BOOL isMenu = (GetMenu(hwnd) != nullptr);
if(AdjustWindowRectEx(&windowRect, style, isMenu, exStyle) == 0)

if(SetWindowPos(hwnd, HWND_NOTOPMOST, 0, 0, windowRect.right - windowRect.left, windowRect.bottom - windowRect.top, SWP_NOMOVE) == 0)
See the docs for AdjustWindowRectEx for more details.

#5282527 EVSM, 2 component vs 4 component

Posted by on 21 March 2016 - 10:54 PM

I went with 16-bit because there's too many artifacts when using the 2-component version EVSM. Specifically, you run into issues in areas with high geometrical complexity where the receiver surface is non-planar relative to the filter kernel. See the original paper (go to section 7) for some more details.

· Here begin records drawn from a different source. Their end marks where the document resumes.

(* Let $p\colon X\to B$ be a Boolean set. Then the map $\alpha\colon X\to X^{\ast\ast}$, $a\mapsto L(a)=\{G\in X^{\ast}: a\in G\}$, together with $\overline{\alpha}\colon B\to B^{\ast\ast}$, $b\mapsto M(b)=\{F\in B^{\ast}: b\in F\}$, is an isomorphism of Boolean sets from $p\colon X\to B$ onto the Boolean set $X^{\ast\ast}\to B^{\ast\ast}$ of compact-open local sections of the dual étalé space $\widetilde p\colon X^{\ast}\to B^{\ast}$.
   Context: Convention: a "Boolean algebra" means a generalized Boolean algebra (relatively complemented distributive lattice with $0$). Boolean set: a presheaf of sets $p\colon X\to B$ over a Boolean algebra $B$ (pairwise disjoint $X_e$, restriction maps $x\mapsto x|^e_f$ for $e\ge f$, $|^e_e=\mathrm{id}$, $(x|^e_f)|^f_g=x|^e_g$) with all $X_e\ne\emptyset$, such that under the order $x\le y$ iff $p(x)\le p(y)$ and $x=y|^{p(y)}_{p(x)}$ there is a least element $0$, compatible pairs ($x\wedge y$ exists and $p(x\wedge y)=p(x)\wedge p(y)$) have joins, and $p(x)=0\Rightarrow x=0$. Morphism of Boolean sets: $\varphi$ with Boolean algebra morphism $\overline{\varphi}$, $q\varphi=\overline{\varphi}p$, $\varphi(x|^a_b)=\varphi(x)|^{\overline{\varphi}(a)}_{\overline{\varphi}(b)}$; isomorphism: invertible morphism. Dual étalé space: $X^{\ast}$ = ultrafilters of $(X,\le)$ (maximal proper non-empty down-directed upward-closed subsets) with basis $L(a)$; $B^{\ast}$ = ultrafilters of $B$ with basis $M(b)$; $\widetilde p(G)=p(G)$. For an étalé space $(E,r,Z)$ (surjective local homeomorphism, $Z$ Boolean space), its dual Boolean set is $E^{\ast}\to Z^{\ast}$ where $Z^{\ast}$ is the Boolean algebra of compact-open subsets of $Z$, $E^{\ast}$ the compact-open local sections (open sets on which $r$ is injective), $C\mapsto r(C)$, with restriction $C|^A_{A'}=C\cap r^{-1}(A')$. Here $X^{\ast\ast}$, $B^{\ast\ast}$ denote this construction applied to $\widetilde p\colon X^{\ast}\to B^{\ast}$. *)

theory Defs
  imports "HOL-Analysis.Analysis"
begin

definition is_least :: "'a set \<Rightarrow> ('a \<Rightarrow> 'a \<Rightarrow> bool) \<Rightarrow> 'a \<Rightarrow> bool" where
  "is_least A le z \<longleftrightarrow> z \<in> A \<and> (\<forall>x\<in>A. le z x)"

definition is_inf :: "'a set \<Rightarrow> ('a \<Rightarrow> 'a \<Rightarrow> bool) \<Rightarrow> 'a \<Rightarrow> 'a \<Rightarrow> 'a \<Rightarrow> bool" where
  "is_inf A le a b m \<longleftrightarrow> m \<in> A \<and> le m a \<and> le m b \<and> (\<forall>c\<in>A. le c a \<and> le c b \<longrightarrow> le c m)"

definition is_sup :: "'a set \<Rightarrow> ('a \<Rightarrow> 'a \<Rightarrow> bool) \<Rightarrow> 'a \<Rightarrow> 'a \<Rightarrow> 'a \<Rightarrow> bool" where
  "is_sup A le a b s \<longleftrightarrow> s \<in> A \<and> le a s \<and> le b s \<and> (\<forall>c\<in>A. le a c \<and> le b c \<longrightarrow> le s c)"

definition partial_order_carrier :: "'a set \<Rightarrow> ('a \<Rightarrow> 'a \<Rightarrow> bool) \<Rightarrow> bool" where
  "partial_order_carrier A le \<longleftrightarrow>
     (\<forall>x\<in>A. le x x) \<and>
     (\<forall>x\<in>A. \<forall>y\<in>A. le x y \<and> le y x \<longrightarrow> x = y) \<and>
     (\<forall>x\<in>A. \<forall>y\<in>A. \<forall>z\<in>A. le x y \<and> le y z \<longrightarrow> le x z)"

definition gen_boolean_algebra :: "'b set \<Rightarrow> ('b \<Rightarrow> 'b \<Rightarrow> bool) \<Rightarrow> bool" where
  "gen_boolean_algebra B le \<longleftrightarrow>
     partial_order_carrier B le \<and>
     (\<exists>z. is_least B le z) \<and>
     (\<forall>a\<in>B. \<forall>b\<in>B. (\<exists>m. is_inf B le a b m) \<and> (\<exists>s. is_sup B le a b s)) \<and>
     (\<forall>a\<in>B. \<forall>b\<in>B. \<forall>c\<in>B. \<forall>s m mb mc.
        is_sup B le b c s \<and> is_inf B le a s m \<and> is_inf B le a b mb \<and> is_inf B le a c mc
        \<longrightarrow> is_sup B le mb mc m) \<and>
     (\<forall>a\<in>B. \<forall>b\<in>B. \<forall>z. le a b \<and> is_least B le z \<longrightarrow>
        (\<exists>c\<in>B. is_inf B le a c z \<and> is_sup B le a c b))"

definition ba_hom :: "'b set \<Rightarrow> ('b \<Rightarrow> 'b \<Rightarrow> bool) \<Rightarrow> 'c set \<Rightarrow> ('c \<Rightarrow> 'c \<Rightarrow> bool) \<Rightarrow> ('b \<Rightarrow> 'c) \<Rightarrow> bool" where
  "ba_hom B le C le' f \<longleftrightarrow>
     f ` B \<subseteq> C \<and>
     (\<forall>z. is_least B le z \<longrightarrow> is_least C le' (f z)) \<and>
     (\<forall>a\<in>B. \<forall>b\<in>B. \<forall>m. is_inf B le a b m \<longrightarrow> is_inf C le' (f a) (f b) (f m)) \<and>
     (\<forall>a\<in>B. \<forall>b\<in>B. \<forall>s. is_sup B le a b s \<longrightarrow> is_sup C le' (f a) (f b) (f s))"

text \<open>A presheaf over the Boolean algebra (B, le) is given by the total set X, the projection
  p (so X_e = {x \<in> X. p x = e}, automatically pairwise disjoint) and restriction maps
  res e f x = x|^e_f, meaningful for f \<le> e and p x = e.\<close>

definition bs_le :: "'b set \<Rightarrow> ('b \<Rightarrow> 'b \<Rightarrow> bool) \<Rightarrow> ('x \<Rightarrow> 'b) \<Rightarrow> ('b \<Rightarrow> 'b \<Rightarrow> 'x \<Rightarrow> 'x) \<Rightarrow> 'x \<Rightarrow> 'x \<Rightarrow> bool" where
  "bs_le B le p res x y \<longleftrightarrow> le (p x) (p y) \<and> x = res (p y) (p x) y"

definition boolean_set :: "'x set \<Rightarrow> 'b set \<Rightarrow> ('b \<Rightarrow> 'b \<Rightarrow> bool) \<Rightarrow> ('x \<Rightarrow> 'b) \<Rightarrow> ('b \<Rightarrow> 'b \<Rightarrow> 'x \<Rightarrow> 'x) \<Rightarrow> bool" where
  "boolean_set X B le p res \<longleftrightarrow>
     gen_boolean_algebra B le \<and>
     (\<forall>x\<in>X. p x \<in> B) \<and>
     (\<forall>e\<in>B. \<exists>x\<in>X. p x = e) \<and>
     (\<forall>x\<in>X. \<forall>f\<in>B. le f (p x) \<longrightarrow> res (p x) f x \<in> X \<and> p (res (p x) f x) = f) \<and>
     (\<forall>x\<in>X. res (p x) (p x) x = x) \<and>
     (\<forall>x\<in>X. \<forall>f\<in>B. \<forall>g\<in>B. le g f \<and> le f (p x) \<longrightarrow> res f g (res (p x) f x) = res (p x) g x) \<and>
     (\<exists>z. is_least X (bs_le B le p res) z \<and> (\<forall>x\<in>X. is_least B le (p x) \<longrightarrow> x = z)) \<and>
     (\<forall>x\<in>X. \<forall>y\<in>X. (\<exists>m. is_inf X (bs_le B le p res) x y m \<and> is_inf B le (p x) (p y) (p m))
        \<longrightarrow> (\<exists>s. is_sup X (bs_le B le p res) x y s))"

definition bs_morphism ::
  "'x set \<Rightarrow> 'b set \<Rightarrow> ('b \<Rightarrow> 'b \<Rightarrow> bool) \<Rightarrow> ('x \<Rightarrow> 'b) \<Rightarrow> ('b \<Rightarrow> 'b \<Rightarrow> 'x \<Rightarrow> 'x) \<Rightarrow>
   'y set \<Rightarrow> 'c set \<Rightarrow> ('c \<Rightarrow> 'c \<Rightarrow> bool) \<Rightarrow> ('y \<Rightarrow> 'c) \<Rightarrow> ('c \<Rightarrow> 'c \<Rightarrow> 'y \<Rightarrow> 'y) \<Rightarrow>
   ('x \<Rightarrow> 'y) \<Rightarrow> ('b \<Rightarrow> 'c) \<Rightarrow> bool" where
  "bs_morphism X B le p res Y C le' q res' \<phi> \<phi>b \<longleftrightarrow>
     \<phi> ` X \<subseteq> Y \<and> ba_hom B le C le' \<phi>b \<and>
     (\<forall>x\<in>X. q (\<phi> x) = \<phi>b (p x)) \<and>
     (\<forall>x\<in>X. \<forall>f\<in>B. le f (p x) \<longrightarrow> \<phi> (res (p x) f x) = res' (\<phi>b (p x)) (\<phi>b f) (\<phi> x))"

I really noticed it on our characters and faces, due to their dense, curved geometry. I took some screenshots from my sample app in attempt to replicate the issues that I saw in The Order:


This is 4-component EVSM with 32-bit textures:




This is 2-component EVSM with 32-bit textures (look at the shadow cast by the nose):




And this is 4-component EVSM with 16-bit textures, with the bias and leak reduction turned up:



#5282243 Object Space Lightning

Posted by on 20 March 2016 - 07:04 PM

That said, I don't get the comparisons to REYES and overall it seems like a very special purpose, application-specific approach to rendering


Yeah, I agree that the frequent mentioning of REYES is misleading. The only real commonality with REYES is the idea of not shading per-pixel, and even in that regard REYES has a very different approach (dicing into micropolygons followed by stochastic rasterization).


I also agree that it's pretty well-tailored to their specific style of game, and the general requirements of that genre (big terrain, small meshes, almost no overdraw). I would image that to adopt something similar for more general scenes you would need to a much much better job of allocating appropriately-sized tiles, and you would need to account for occlusion. I could see maybe going down the megatexture approach of rasterizing out tile ID's, and then analyzing that on the CPU or GPU to allocate memory for tiles. However this implies latency, unless you do it all on the GPU and rasterize your scene twice. Doing it all on the GPU would rule out any form of tiled resources/sparse textures, since you can't update page tables from the GPU.

ptex would be nice for avoiding UV issues (it would also be nice for any kind of arbitrary-rate surface calculations, such as pre-computed lightmaps or real-time GI), but it's currently a PITA to use on the GPU (you need borders for HW filtering, and you need quad->page mappings and lookups).

#5282237 Gamma correction. Is it lossless?

Posted by on 20 March 2016 - 06:49 PM

The sRGB->Linear transformation for color textures will typically happen in the fixed-function texture units, before filtering. You can think of the process as going something like this:


result = 0.0
foreach(texel in filterFootPrint):
    encoded = ReadMemory(texel)
    decoded = DecodeTexel(encoded)  // Decompress from block compression and/or convert from 8-bit to intermediate precision (probably 16-bit)
    linear = sRGBToLinear(decoded)
    result += linear * FilterWeight(texel) // Apply bilinear/trilinear/anisotropic filtering
return ConvertToFloat(result)


It's important that the filtering and sRGB->Linear conversion happen at some precision that's higher than 8-bit, otherwise you will get banding. For sRGB conversion 16-bit fixed point or floating point is generally good enough for this purpose. The same goes for writing to a render target: the blending and linear->sRGB conversion need to happen at higher precision than the storage format, or you will get poor results. You will also get poor results if you write linear data to an 8-bit render target, since there will be insufficient precision in the darker range.


Probably the vast majority of modern game are gamma-correct. It's a bona fide requirement for PBR, which almost everyone is adopting in some form or another. I seem to recall someone mentioning that Unity maintains a non-gamma-correct rendering path for legacy compatibility, but don't quote me on that.